──────── Data shown
text \<open>A triangle automaton is determined by the three
  relations Pab = P_{alpha beta}, Pac = P_{alpha gamma}, Pbc = P_{beta gamma}; the other three
  are their converses (P_{vu} = converse P_{uv}).  We write (i,j) \<in> P_{uv} for i \<lhd>_{uv} j.\<close>

definition Sig :: "nat \<Rightarrow> int set" where
  "Sig N = {1..int N}"

text \<open>Well-formedness of a triangle automaton given by its three relations: the parameters
  are admissible; each P_{uv} consists of letters (i,j) with i \<noteq> j (since
  delta(Id,(i,i)) = Id exactly); delta is a function, so the six sets P_{uv} (the three given
  ones and their converses) are pairwise disjoint.\<close>
definition triangle_aut ::
  "nat \<Rightarrow> int \<Rightarrow> int \<Rightarrow> int \<Rightarrow> (int \<times> int) set \<Rightarrow> (int \<times> int) set \<Rightarrow> (int \<times> int) set \<Rightarrow> bool" where
  "triangle_aut N a b c Pab Pac Pbc \<longleftrightarrow>
     a \<in> Sig N \<union> {-1,-2,-3} \<and> b \<in> Sig N \<union> {-1,-2,-3} \<and> c \<in> Sig N \<union> {-1,-2,-3} \<and>
     a \<noteq> b \<and> a \<noteq> c \<and> b \<noteq> c \<and>
     (\<forall>P \<in> {Pab, Pac, Pbc}. P \<subseteq> Sig N \<times> Sig N \<and> irrefl P) \<and>
     (let Ps = [Pab, Pac, Pbc, converse Pab, converse Pac, converse Pbc] in
        \<forall>i<6. \<forall>j<6. i \<noteq> j \<longrightarrow> Ps ! i \<inter> Ps ! j = {})"

definition unique_rel :: "(int \<times> int) set \<Rightarrow> bool" where
  "unique_rel P \<longleftrightarrow> (\<forall>i j j'. (i,j) \<in> P \<and> (i,j') \<in> P \<longrightarrow> j = j')"

definition gasket_aut ::
  "nat \<Rightarrow> int \<Rightarrow> int \<Rightarrow> int \<Rightarrow> (int \<times> int) set \<Rightarrow> (int \<times> int) set \<Rightarrow> (int \<times> int) set \<Rightarrow> bool" where
  "gasket_aut N a b c Pab Pac Pbc \<longleftrightarrow>
     triangle_aut N a b c Pab Pac Pbc \<and>
     \<comment> \<open>Uniqueness, for all six relations P_{uv}\<close>
     (\<forall>P \<in> {Pab, Pac, Pbc, converse Pab, converse Pac, converse Pbc}. unique_rel P) \<and>
     \<comment> \<open>Gathering: any two of a<_{ac} c, a<_{bc} b, b<_{ab} c imply the third\<close>
     (\<forall>x y z. ((x,z) \<in> Pac \<and> (x,y) \<in> Pbc \<longrightarrow> (y,z) \<in> Pab) \<and>
              ((x,z) \<in> Pac \<and> (y,z) \<in> Pab \<longrightarrow> (x,y) \<in> Pbc) \<and>
              ((x,y) \<in> Pbc \<and> (y,z) \<in> Pab \<longrightarrow> (x,z) \<in> Pac)) \<and>
     \<comment> \<open>Boundary\<close>
     (a \<in> Sig N \<longrightarrow> (\<forall>i. (i,a) \<notin> Pac \<and> (i,a) \<notin> Pab)) \<and>
     (b \<in> Sig N \<longrightarrow> (\<forall>i. (i,b) \<notin> Pbc \<and> (i,b) \<notin> converse Pab)) \<and>
     (c \<in> Sig N \<longrightarrow> (\<forall>i. (i,c) \<notin> converse Pac \<and> (i,c) \<notin> converse Pbc))"

definition isolated_in :: "(int \<times> int) set \<Rightarrow> int \<Rightarrow> bool" where
  "isolated_in P x \<longleftrightarrow> (\<forall>i. (i,x) \<notin> P) \<and> (\<forall>k. (x,k) \<notin> P)"

definition gamma_isolated ::
  "nat \<Rightarrow> int \<Rightarrow> int \<Rightarrow> int \<Rightarrow> (int \<times> int) set \<Rightarrow> (int \<times> int) set \<Rightarrow> (int \<times> int) set \<Rightarrow> bool" where
  "gamma_isolated N a b c Pab Pac Pbc \<longleftrightarrow>
     a \<in> Sig N \<and> b \<in> Sig N \<and> c \<in> Sig N \<and>
     acyclic (Pac \<union> Pbc) \<and>
     isolated_in Pac c \<and> isolated_in Pbc c \<and> isolated_in Pab c"

definition double_maximal :: "(int \<times> int) set \<Rightarrow> (int \<times> int) set \<Rightarrow> int \<Rightarrow> bool" where
  "double_maximal Pac Pbc x \<longleftrightarrow> (\<forall>k. (x,k) \<notin> Pac) \<and> (\<forall>k. (x,k) \<notin> Pbc)"

text \<open>In the beta-gamma
  case the roles of alpha and beta are interchanged, so the relevant predecessor is a
  beta-alpha-predecessor lambda <_{ba} kappa, i.e. (kappa, lambda) in Pab.\<close>
definition one_step_simp ::
  "(int \<times> int) set \<Rightarrow> (int \<times> int) set \<Rightarrow> (int \<times> int) set \<Rightarrow>
   (int \<times> int) set \<Rightarrow> (int \<times> int) set \<Rightarrow> (int \<times> int) set \<Rightarrow> bool" where
  "one_step_simp Pab Pac Pbc Pab' Pac' Pbc' \<longleftrightarrow>
     (\<exists>t k. double_maximal Pac Pbc k \<and>
       (((t,k) \<in> Pac \<and>
          (((\<forall>l. (l,k) \<notin> Pab) \<and> Pab' = Pab \<and> Pac' = Pac - {(t,k)} \<and> Pbc' = Pbc) \<or>
           (\<exists>l. (l,k) \<in> Pab \<and> Pab' = Pab \<and> Pac' = Pac - {(t,k)} \<and> Pbc' = Pbc - {(t,l)}))) \<or>
        ((t,k) \<in> Pbc \<and>
          (((\<forall>l. (k,l) \<notin> Pab) \<and> Pab' = Pab \<and> Pbc' = Pbc - {(t,k)} \<and> Pac' = Pac) \<or>
           (\<exists>l. (k,l) \<in> Pab \<and> Pab' = Pab \<and> Pbc' = Pbc - {(t,k)} \<and> Pac' = Pac - {(t,l)})))))"

end

theory Submission
  imports Defs
begin

text \<open>A one-step simplification keeps \<open>Pab\<close> and only shrinks \<open>Pac\<close> and \<open>Pbc\<close>.  Every
  defining property of a gasket automaton and of the \<open>\<gamma>\<close>-isolated condition except Gathering
  passes to subrelations.  Gathering survives because the removed pairs match: when
  \<open>\<lambda> \<lhd>\<^sub>\<alpha>\<^sub>\<beta> \<kappa>\<close>, Uniqueness of \<open>\<lhd>\<^sub>\<alpha>\<^sub>\<beta>\<close> in both directions makes \<open>\<tau> \<lhd>\<^sub>\<alpha>\<^sub>\<gamma> \<kappa>\<close>, \<open>\<tau> \<lhd>\<^sub>\<beta>\<^sub>\<gamma> \<lambda>\<close>,
  \<open>\<lambda> \<lhd>\<^sub>\<alpha>\<^sub>\<beta> \<kappa>\<close> the only gathering triangle through either removed pair; when \<kappa> has no
  \<open>\<alpha>\<beta>\<close>-predecessor, no triangle passes through \<open>(\<tau>,\<kappa>)\<close> at all.\<close>

lemma nth_pairwise_disjoint_mono:
  assumes "list_all2 (\<subseteq>) Qs Ps"
    and "\<forall>i<length Ps. \<forall>j<length Ps. i \<noteq> j \<longrightarrow> Ps ! i \<inter> Ps ! j = {}"
  shows "\<forall>i<length Qs. \<forall>j<length Qs. i \<noteq> j \<longrightarrow> Qs ! i \<inter> Qs ! j = {}"
proof (intro allI impI)
  fix i j assume ij: "i < length Qs" "j < length Qs" "i \<noteq> j"
  have "length Qs = length Ps"
    using assms(1) by (rule list_all2_lengthD)
  then have "Ps ! i \<inter> Ps ! j = {}"
    using assms(2) ij by simp
  moreover have "Qs ! i \<subseteq> Ps ! i" "Qs ! j \<subseteq> Ps ! j"
    using assms(1) ij by (simp_all add: list_all2_nthD)
  ultimately show "Qs ! i \<inter> Qs ! j = {}"
    by blast
qed

lemma triangle_aut_mono:
  assumes tri: "triangle_aut N a b c Pab Pac Pbc"
    and sub: "Pab' \<subseteq> Pab" "Pac' \<subseteq> Pac" "Pbc' \<subseteq> Pbc"
  shows "triangle_aut N a b c Pab' Pac' Pbc'"
proof -
  let ?Ps = "[Pab, Pac, Pbc, converse Pab, converse Pac, converse Pbc]"
  let ?Ps' = "[Pab', Pac', Pbc', converse Pab', converse Pac', converse Pbc']"
  have "\<forall>P \<in> {Pab, Pac, Pbc}. P \<subseteq> Sig N \<times> Sig N \<and> irrefl P"
    using tri unfolding triangle_aut_def by argo
  then have letters: "\<forall>P \<in> {Pab', Pac', Pbc'}. P \<subseteq> Sig N \<times> Sig N \<and> irrefl P"
    using sub by (auto simp: irrefl_def)
  have "\<forall>i<6. \<forall>j<6. i \<noteq> j \<longrightarrow> ?Ps ! i \<inter> ?Ps ! j = {}"
    using tri unfolding triangle_aut_def Let_def by argo
  moreover have "list_all2 (\<subseteq>) ?Ps' ?Ps"
    using sub by simp
  ultimately have "\<forall>i<6. \<forall>j<6. i \<noteq> j \<longrightarrow> ?Ps' ! i \<inter> ?Ps' ! j = {}"
    using nth_pairwise_disjoint_mono[of ?Ps' ?Ps] by simp
  with tri letters show ?thesis
    unfolding triangle_aut_def Let_def by argo
qed

lemma unique_rel_subset: "unique_rel P \<Longrightarrow> Q \<subseteq> P \<Longrightarrow> unique_rel Q"
  unfolding unique_rel_def by blast

lemma isolated_in_subset: "isolated_in P x \<Longrightarrow> Q \<subseteq> P \<Longrightarrow> isolated_in Q x"
  unfolding isolated_in_def by blast

lemma gamma_isolated_mono:
  assumes "gamma_isolated N a b c Pab Pac Pbc"
    and "Pab' \<subseteq> Pab" "Pac' \<subseteq> Pac" "Pbc' \<subseteq> Pbc"
  shows "gamma_isolated N a b c Pab' Pac' Pbc'"
  using assms unfolding gamma_isolated_def
  by (meson Un_mono acyclic_subset isolated_in_subset)

definition gathering :: "(int \<times> int) set \<Rightarrow> (int \<times> int) set \<Rightarrow> (int \<times> int) set \<Rightarrow> bool" where
  "gathering Pab Pac Pbc \<longleftrightarrow>
     (\<forall>x y z. ((x,z) \<in> Pac \<and> (x,y) \<in> Pbc \<longrightarrow> (y,z) \<in> Pab) \<and>
              ((x,z) \<in> Pac \<and> (y,z) \<in> Pab \<longrightarrow> (x,y) \<in> Pbc) \<and>
              ((x,y) \<in> Pbc \<and> (y,z) \<in> Pab \<longrightarrow> (x,z) \<in> Pac))"

lemma gasket_aut_iff:
  "gasket_aut N a b c Pab Pac Pbc \<longleftrightarrow>
     triangle_aut N a b c Pab Pac Pbc \<and>
     (\<forall>P \<in> {Pab, Pac, Pbc, converse Pab, converse Pac, converse Pbc}. unique_rel P) \<and>
     gathering Pab Pac Pbc \<and>
     (a \<in> Sig N \<longrightarrow> (\<forall>i. (i,a) \<notin> Pac \<and> (i,a) \<notin> Pab)) \<and>
     (b \<in> Sig N \<longrightarrow> (\<forall>i. (i,b) \<notin> Pbc \<and> (i,b) \<notin> converse Pab)) \<and>
     (c \<in> Sig N \<longrightarrow> (\<forall>i. (i,c) \<notin> converse Pac \<and> (i,c) \<notin> converse Pbc))"
  unfolding gasket_aut_def gathering_def ..

lemma gasket_aut_mono:
  assumes gasket: "gasket_aut N a b c Pab Pac Pbc"
    and sub: "Pab' \<subseteq> Pab" "Pac' \<subseteq> Pac" "Pbc' \<subseteq> Pbc"
    and "gathering Pab' Pac' Pbc'"
  shows "gasket_aut N a b c Pab' Pac' Pbc'"
  unfolding gasket_aut_iff
proof (intro conjI)
  show "triangle_aut N a b c Pab' Pac' Pbc'"
    using gasket sub unfolding gasket_aut_iff by (blast intro: triangle_aut_mono)
  have "unique_rel Pab" "unique_rel Pac" "unique_rel Pbc"
    "unique_rel (converse Pab)" "unique_rel (converse Pac)" "unique_rel (converse Pbc)"
    using gasket unfolding gasket_aut_iff by simp_all
  then show "\<forall>P \<in> {Pab', Pac', Pbc', converse Pab', converse Pac', converse Pbc'}. unique_rel P"
    using sub unique_rel_subset[of Pab Pab'] unique_rel_subset[of Pac Pac']
      unique_rel_subset[of Pbc Pbc'] unique_rel_subset[of "converse Pab" "converse Pab'"]
      unique_rel_subset[of "converse Pac" "converse Pac'"]
      unique_rel_subset[of "converse Pbc" "converse Pbc'"]
    by simp
qed (use assms in \<open>unfold gasket_aut_iff, blast+\<close>)

lemma gathering_swap: "gathering (converse Pab) Pbc Pac \<longleftrightarrow> gathering Pab Pac Pbc"
  unfolding gathering_def by auto

lemma gathering_Diff_no_predecessor:
  assumes "gathering Pab Pac Pbc" and "\<forall>l. (l,k) \<notin> Pab"
  shows "gathering Pab (Pac - {(t,k)}) Pbc"
  using assms unfolding gathering_def by blast

lemma gathering_Diff_predecessor:
  assumes gath: "gathering Pab Pac Pbc"
    and uniq: "unique_rel Pab" "unique_rel (converse Pab)"
    and "(l,k) \<in> Pab"
  shows "gathering Pab (Pac - {(t,k)}) (Pbc - {(t,l)})"
proof -
  have "(x,y) \<in> Pbc - {(t,l)}" if "(x,z) \<in> Pac - {(t,k)}" "(y,z) \<in> Pab" for x y z
  proof -
    have "(x,y) \<noteq> (t,l)"
      using that \<open>(l,k) \<in> Pab\<close> uniq(1) unfolding unique_rel_def by blast
    then show ?thesis
      using that gath unfolding gathering_def by blast
  qed
  moreover have "(x,z) \<in> Pac - {(t,k)}" if "(x,y) \<in> Pbc - {(t,l)}" "(y,z) \<in> Pab" for x y z
  proof -
    have "(x,z) \<noteq> (t,k)"
      using that \<open>(l,k) \<in> Pab\<close> uniq(2) unfolding unique_rel_def by blast
    then show ?thesis
      using that gath unfolding gathering_def by blast
  qed
  ultimately show ?thesis
    using gath unfolding gathering_def by blast
qed

lemma one_step_simp_subset_gathering:
  assumes "one_step_simp Pab Pac Pbc Pab' Pac' Pbc'"
    and gath: "gathering Pab Pac Pbc"
    and uniq: "unique_rel Pab" "unique_rel (converse Pab)"
  shows "Pab' = Pab \<and> Pac' \<subseteq> Pac \<and> Pbc' \<subseteq> Pbc \<and> gathering Pab' Pac' Pbc'"
proof -
  have gath_swapped: "gathering (converse Pab) Pbc Pac"
    using gath by (simp add: gathering_swap)
  from assms(1) consider
      (ac) t k where "\<forall>l. (l,k) \<notin> Pab"
        "Pab' = Pab" "Pac' = Pac - {(t,k)}" "Pbc' = Pbc"
    | (ac_predecessor) t k l where "(l,k) \<in> Pab"
        "Pab' = Pab" "Pac' = Pac - {(t,k)}" "Pbc' = Pbc - {(t,l)}"
    | (bc) t k where "\<forall>l. (l,k) \<notin> converse Pab"
        "Pab' = Pab" "Pbc' = Pbc - {(t,k)}" "Pac' = Pac"
    | (bc_predecessor) t k l where "(l,k) \<in> converse Pab"
        "Pab' = Pab" "Pbc' = Pbc - {(t,k)}" "Pac' = Pac - {(t,l)}"
    unfolding one_step_simp_def by auto
  then show ?thesis
  proof cases
    case ac
    then show ?thesis
      using gathering_Diff_no_predecessor[OF gath] by auto
  next
    case ac_predecessor
    then show ?thesis
      using gathering_Diff_predecessor[OF gath uniq] by auto
  next
    case bc
    then show ?thesis
      using gathering_Diff_no_predecessor[OF gath_swapped] by (auto simp: gathering_swap)
  next
    case bc_predecessor
    then show ?thesis
      using gathering_Diff_predecessor[OF gath_swapped uniq(2)] uniq(1)
      by (auto simp: gathering_swap)
  qed
qed

theorem lemma5p3:
  fixes N :: nat and a b c :: int and Pab Pac Pbc Pab' Pac' Pbc' :: "(int \<times> int) set"
  assumes "gasket_aut N a b c Pab Pac Pbc"
    and "gamma_isolated N a b c Pab Pac Pbc"
    and "Pac \<union> Pbc \<noteq> {}"
    and "one_step_simp Pab Pac Pbc Pab' Pac' Pbc'"
  shows "gasket_aut N a b c Pab' Pac' Pbc' \<and> gamma_isolated N a b c Pab' Pac' Pbc'"
proof -
  have "gathering Pab Pac Pbc" "unique_rel Pab" "unique_rel (converse Pab)"
    using assms(1) unfolding gasket_aut_iff by simp_all
  from one_step_simp_subset_gathering[OF assms(4) this]
  have sub: "Pab' \<subseteq> Pab" "Pac' \<subseteq> Pac" "Pbc' \<subseteq> Pbc" and gath: "gathering Pab' Pac' Pbc'"
    by blast+
  show ?thesis
    using gasket_aut_mono[OF assms(1) sub gath] gamma_isolated_mono[OF assms(2) sub] ..
qed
────────────────
Identify the lines above that contain the word "kappa", then copy them.

Response:
  beta-alpha-predecessor lambda <_{ba} kappa, i.e. (kappa, lambda) in Pab.\<close>
  \<open>\<lambda> \<lhd>\<^sub>\<alpha>\<^sub>\<beta> \<kappa>\<close>, Uniqueness of \<open>\<lhd>\<^sub>\<alpha>\<^sub>\<beta>\<close> in both directions makes \<open>\<tau> \<lhd>\<^sub>\<alpha>\<^sub>\<gamma> \<kappa>\<close>, \<open>\<tau> \<lhd>\<^sub>\<beta>\<^sub>\<gamma> \<lambda>\<close>,
  \<open>\<lambda> \<lhd>\<^sub>\<alpha>\<^sub>\<beta> \<kappa>\<close> the only gathering triangle through either removed pair; when \<kappa> has no
  \<open>\<alpha>\<beta>\<close>-predecessor, no triangle passes through \<open>(\<tau>,\<kappa>)\<close> at all.\<close>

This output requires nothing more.